(* Local existence for linear ODEs with continuous coefficients: for h small the Picard
   step is a contraction on bounded continuous functions, and its fixed point is a solution. *)
lemma linear_ode_local_existence:
  fixes M :: "'n::finite \<Rightarrow> 'n \<Rightarrow> real \<Rightarrow> real" and v0 :: "real^'n"
  assumes M: "\<And>k j. continuous_on UNIV (M k j)"
  shows "\<exists>h>0. \<exists>V. V 0 = v0 \<and> (\<forall>t\<in>{-h<..<h}. (V has_vector_derivative linear_field M t (V t)) (at t))"
proof -
  obtain B where B: "0 \<le> B" "\<And>t v. t \<in> {-1..1} \<Longrightarrow> norm (linear_field M t v) \<le> B * norm v"
    using linear_field_bounded[of "{-1..1}" M] M continuous_on_subset by blast
  define h :: real where "h = 1 / (4 * (B + 1))"
  have h: "0 < h" "h \<le> 1" "4 * h * B < 1" using B(1) by (simp_all add: h_def field_simps)
  have M_h: "continuous_on {-h..h} (M k j)" for k j using M continuous_on_subset by blast
  have B_h: "norm (linear_field M t v) \<le> B * norm v" if "t \<in> {-h..h}" for t v
    using B(2) that h(2) by auto
  have step_cont: "continuous_on {-h..h} (picard_step M h v0 f)" if "continuous_on {-h..h} f" for f
  proof -
    have "continuous_on {-h..h} (\<lambda>t. integral {-h..t} (\<lambda>s. linear_field M s (f s)))"
      by (intro indefinite_integral_continuous_1 integrable_continuous_real
          continuous_on_linear_field M_h that)
    then show ?thesis unfolding picard_step_def by (auto intro!: continuous_intros)
  qed
  obtain \<Phi> :: "(real, real^'n) bcontfun \<Rightarrow> (real, real^'n) bcontfun"
    where \<Phi>: "\<And>f x. \<Phi> f x = picard_step M h v0 f (clamp (-h) h x)"
    using bcontfun_clamped_operator[of "-h" h "picard_step M h v0"] step_cont continuous_on_apply_bcontfun
    by blast
  have clamp_in: "clamp (-h) h x \<in> {-h..h}" for x
    using clamp_in_interval[of "-h" h x] h(1) by (simp add: cbox_interval)
  have "dist (\<Phi> f) (\<Phi> g) \<le> (4 * h * B) * dist f g" for f g
  proof (rule dist_bound)
    fix x
    show "dist (\<Phi> f x) (\<Phi> g x) \<le> 4 * h * B * dist f g"
      unfolding \<Phi> dist_norm
      by (rule picard_step_lipschitz[OF M_h B(1) B_h _ _ _ clamp_in])
         (use dist_bounded[of f _ g] in \<open>simp_all add: continuous_on_apply_bcontfun dist_norm\<close>)
  qed
  then obtain F where F: "\<Phi> F = F"
    using banach_fix_type[of "4 * h * B" \<Phi>] h B(1) by auto
  have fixpoint: "F t = picard_step M h v0 F t" if "t \<in> {-h..h}" for t
    using \<Phi>[of F t] F that clamp_cancel_cbox[of t "-h" h] by (simp add: cbox_interval)
  have "(F has_vector_derivative linear_field M t (F t)) (at t)" if "t \<in> {-h<..<h}" for t
    by (rule integral_equation_imp_has_vector_derivative[OF continuous_on_linear_field[OF M_h]])
       (use fixpoint that in \<open>auto simp: picard_step_def intro: continuous_on_apply_bcontfun\<close>)
  moreover have "F 0 = v0" using fixpoint[of 0] h(1) by (simp add: picard_step_def)
  ultimately show ?thesis using h(1) by blast
qed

--- --- ---

● Work task
Taking every line of the records in turn, count the ones holding "fixpoint", and state nothing but the number.

● Answer box
3